SOURCE DATA:
- - - - -

definition bimonad :: "('o,'m,'x) mcat_scheme \<Rightarrow> ('o,'m,'z) bimon_scheme \<Rightarrow> bool" where
  "bimonad C B \<longleftrightarrow>
    \<comment> \<open>T is an endofunctor\<close>
    (\<forall>X\<in>ob C. Tob B X \<in> ob C) \<and>
    (\<forall>f\<in>arr C. Tar B f \<in> hom C (Tob B (dm C f)) (Tob B (cd C f))) \<and>
    (\<forall>X\<in>ob C. Tar B (idm C X) = idm C (Tob B X)) \<and>
    (\<forall>f\<in>arr C. \<forall>g\<in>arr C. cd C f = dm C g \<longrightarrow> Tar B (cmp C g f) = cmp C (Tar B g) (Tar B f)) \<and>
    \<comment> \<open>monad structure\<close>
    (\<forall>X\<in>ob C. mu B X \<in> hom C (Tob B (Tob B X)) (Tob B X) \<and> eta B X \<in> hom C X (Tob B X)) \<and>
    (\<forall>f\<in>arr C. cmp C (Tar B f) (mu B (dm C f)) = cmp C (mu B (cd C f)) (Tar B (Tar B f)) \<and>
               cmp C (Tar B f) (eta B (dm C f)) = cmp C (eta B (cd C f)) f) \<and>
    (\<forall>X\<in>ob C. cmp C (mu B X) (Tar B (mu B X)) = cmp C (mu B X) (mu B (Tob B X)) \<and>
               cmp C (mu B X) (eta B (Tob B X)) = idm C (Tob B X) \<and>
               cmp C (mu B X) (Tar B (eta B X)) = idm C (Tob B X)) \<and>
    \<comment> \<open>comonoidal structure\<close>
    (\<forall>X\<in>ob C. \<forall>Y\<in>ob C. Ttwo B X Y \<in> hom C (Tob B (tob C X Y)) (tob C (Tob B X) (Tob B Y))) \<and>
    Tzero B \<in> hom C (Tob B (one C)) (one C) \<and>
    (\<forall>f\<in>arr C. \<forall>g\<in>arr C. cmp C (Ttwo B (cd C f) (cd C g)) (Tar B (tar C f g)) =
        cmp C (tar C (Tar B f) (Tar B g)) (Ttwo B (dm C f) (dm C g))) \<and>
    (\<forall>X\<in>ob C. \<forall>Y\<in>ob C. \<forall>Z\<in>ob C.
        cmp C (tar C (Ttwo B X Y) (idm C (Tob B Z))) (Ttwo B (tob C X Y) Z) =
        cmp C (tar C (idm C (Tob B X)) (Ttwo B Y Z)) (Ttwo B X (tob C Y Z))) \<and>
    (\<forall>X\<in>ob C. cmp C (tar C (Tzero B) (idm C (Tob B X))) (Ttwo B (one C) X) = idm C (Tob B X) \<and>
               cmp C (tar C (idm C (Tob B X)) (Tzero B)) (Ttwo B X (one C)) = idm C (Tob B X)) \<and>
    \<comment> \<open>mu and eta are comonoidal\<close>
    (\<forall>X\<in>ob C. \<forall>Y\<in>ob C.
        cmp C (Ttwo B X Y) (mu B (tob C X Y)) =
        cmp C (tar C (mu B X) (mu B Y)) (cmp C (Ttwo B (Tob B X) (Tob B Y)) (Tar B (Ttwo B X Y))) \<and>
        cmp C (Ttwo B X Y) (eta B (tob C X Y)) = tar C (eta B X) (eta B Y)) \<and>
    cmp C (Tzero B) (mu B (one C)) = cmp C (Tzero B) (Tar B (Tzero B)) \<and>
    cmp C (Tzero B) (eta B (one C)) = idm C (one C)"

definition left_hopf :: "('o,'m,'x) mcat_scheme \<Rightarrow> ('o,'m,'z) bimon_scheme \<Rightarrow> bool" where
  "left_hopf C B \<longleftrightarrow> bimonad C B \<and>
    (\<forall>X\<in>ob C. \<forall>Y\<in>ob C.
       iso C (cmp C (tar C (idm C (Tob B X)) (mu B Y)) (Ttwo B X (Tob B Y))))"

definition left_antipode ::
  "('o,'m,'x) mcat_scheme \<Rightarrow> ('o,'m,'y) lclosed_scheme \<Rightarrow> ('o,'m,'z) bimon_scheme \<Rightarrow>
   ('o \<Rightarrow> 'o \<Rightarrow> 'm) \<Rightarrow> bool" where
  "left_antipode C L B s \<longleftrightarrow>
    \<comment> \<open>s_{X,Y} : T[TX,Y]^l \<rightarrow> [X,TY]^l\<close>
    (\<forall>X\<in>ob C. \<forall>Y\<in>ob C. s X Y \<in> hom C (Tob B (ihob L (Tob B X) Y)) (ihob L X (Tob B Y))) \<and>
    \<comment> \<open>naturality in X and Y\<close>
    (\<forall>f\<in>arr C. \<forall>g\<in>arr C.
       cmp C (ihmor C L f (Tar B g)) (s (cd C f) (dm C g)) =
       cmp C (s (dm C f) (cd C g)) (Tar B (ihmor C L (Tar B f) g))) \<and>
    \<comment> \<open>axiom (1)\<close>
    (\<forall>X\<in>ob C. \<forall>Y\<in>ob C.
       Tar B (cmp C (evm L X Y) (tar C (ihmor C L (eta B X) (idm C Y)) (idm C X))) =
       cmp C (evm L (Tob B X) (Tob B Y))
         (cmp C (tar C (cmp C (s (Tob B X) Y) (Tar B (ihmor C L (mu B X) (idm C Y))))
                        (idm C (Tob B X)))
                (Ttwo B (ihob L (Tob B X) Y) X))) \<and>
    \<comment> \<open>axiom (2)\<close>
    (\<forall>X\<in>ob C. \<forall>Y\<in>ob C.
       cmp C (ihmor C L (idm C X) (tar C (idm C (Tob B Y)) (eta B X))) (coev C L X (Tob B Y)) =
       cmp C (ihmor C L (idm C X) (cmp C (tar C (idm C (Tob B Y)) (mu B X)) (Ttwo B Y (Tob B X))))
         (cmp C (s X (tob C Y (Tob B X))) (Tar B (coev C L (Tob B X) Y))))"

end

theory Submission
  imports Defs
begin

(*
  The key device is the "transposed antipode"
     sigma X Y = ev^X_{TY} (s_{X,Y} \<otimes> X) : T[TX,Y] \<otimes> X \<rightarrow> TY,
  which determines s (evaluation is a universal arrow), together with the Hopf operator
     H Y X = (TY \<otimes> \<mu>_X) T_2(Y,TX) : T(Y \<otimes> TX) \<rightarrow> TY \<otimes> TX.
  From the antipode axioms alone we build an explicit left inverse Hinv Y X of H Y X
  (lemma Hinv_H).  Axiom (2) says that H applied to sigma (T coev \<otimes> X) is TY \<otimes> \<eta>_X, so
  this composite is Hinv (TY \<otimes> \<eta>_X); by the triangle identity it determines sigma, hence s.
  This gives (a), uniqueness.  If T is left Hopf, H is invertible, so Hinv is its
  two-sided inverse, and we obtain the closed formula (sigma_formula)
     sigma X Y = T(ev^{TX}_Y) Hinv (T[TX,Y] \<otimes> \<eta>_X).
  The four identities of (b) follow by transposing both sides and comparing them with this
  formula, using how H (hence Hinv) interacts with naturality, \<mu>, T_2 and T_0.
*)

locale closed_bimonad =
  fixes C :: "('o,'m,'x) mcat_scheme" and L :: "('o,'m,'y) lclosed_scheme" and B :: "('o,'m,'z) bimon_scheme"
  assumes SM: "strict_moncat C" and LC: "left_closed C L" and BM: "bimonad C B"
begin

- - - - -

EXERCISE OBJECTIVE: Every line from the start of the material above through the line that contains "cmp C (Tar B f) (eta" must be written out exactly, with both ends included.

ANSWER AREA:
definition bimonad :: "('o,'m,'x) mcat_scheme \<Rightarrow> ('o,'m,'z) bimon_scheme \<Rightarrow> bool" where
  "bimonad C B \<longleftrightarrow>
    \<comment> \<open>T is an endofunctor\<close>
    (\<forall>X\<in>ob C. Tob B X \<in> ob C) \<and>
    (\<forall>f\<in>arr C. Tar B f \<in> hom C (Tob B (dm C f)) (Tob B (cd C f))) \<and>
    (\<forall>X\<in>ob C. Tar B (idm C X) = idm C (Tob B X)) \<and>
    (\<forall>f\<in>arr C. \<forall>g\<in>arr C. cd C f = dm C g \<longrightarrow> Tar B (cmp C g f) = cmp C (Tar B g) (Tar B f)) \<and>
    \<comment> \<open>monad structure\<close>
    (\<forall>X\<in>ob C. mu B X \<in> hom C (Tob B (Tob B X)) (Tob B X) \<and> eta B X \<in> hom C X (Tob B X)) \<and>
    (\<forall>f\<in>arr C. cmp C (Tar B f) (mu B (dm C f)) = cmp C (mu B (cd C f)) (Tar B (Tar B f)) \<and>
               cmp C (Tar B f) (eta B (dm C f)) = cmp C (eta B (cd C f)) f) \<and>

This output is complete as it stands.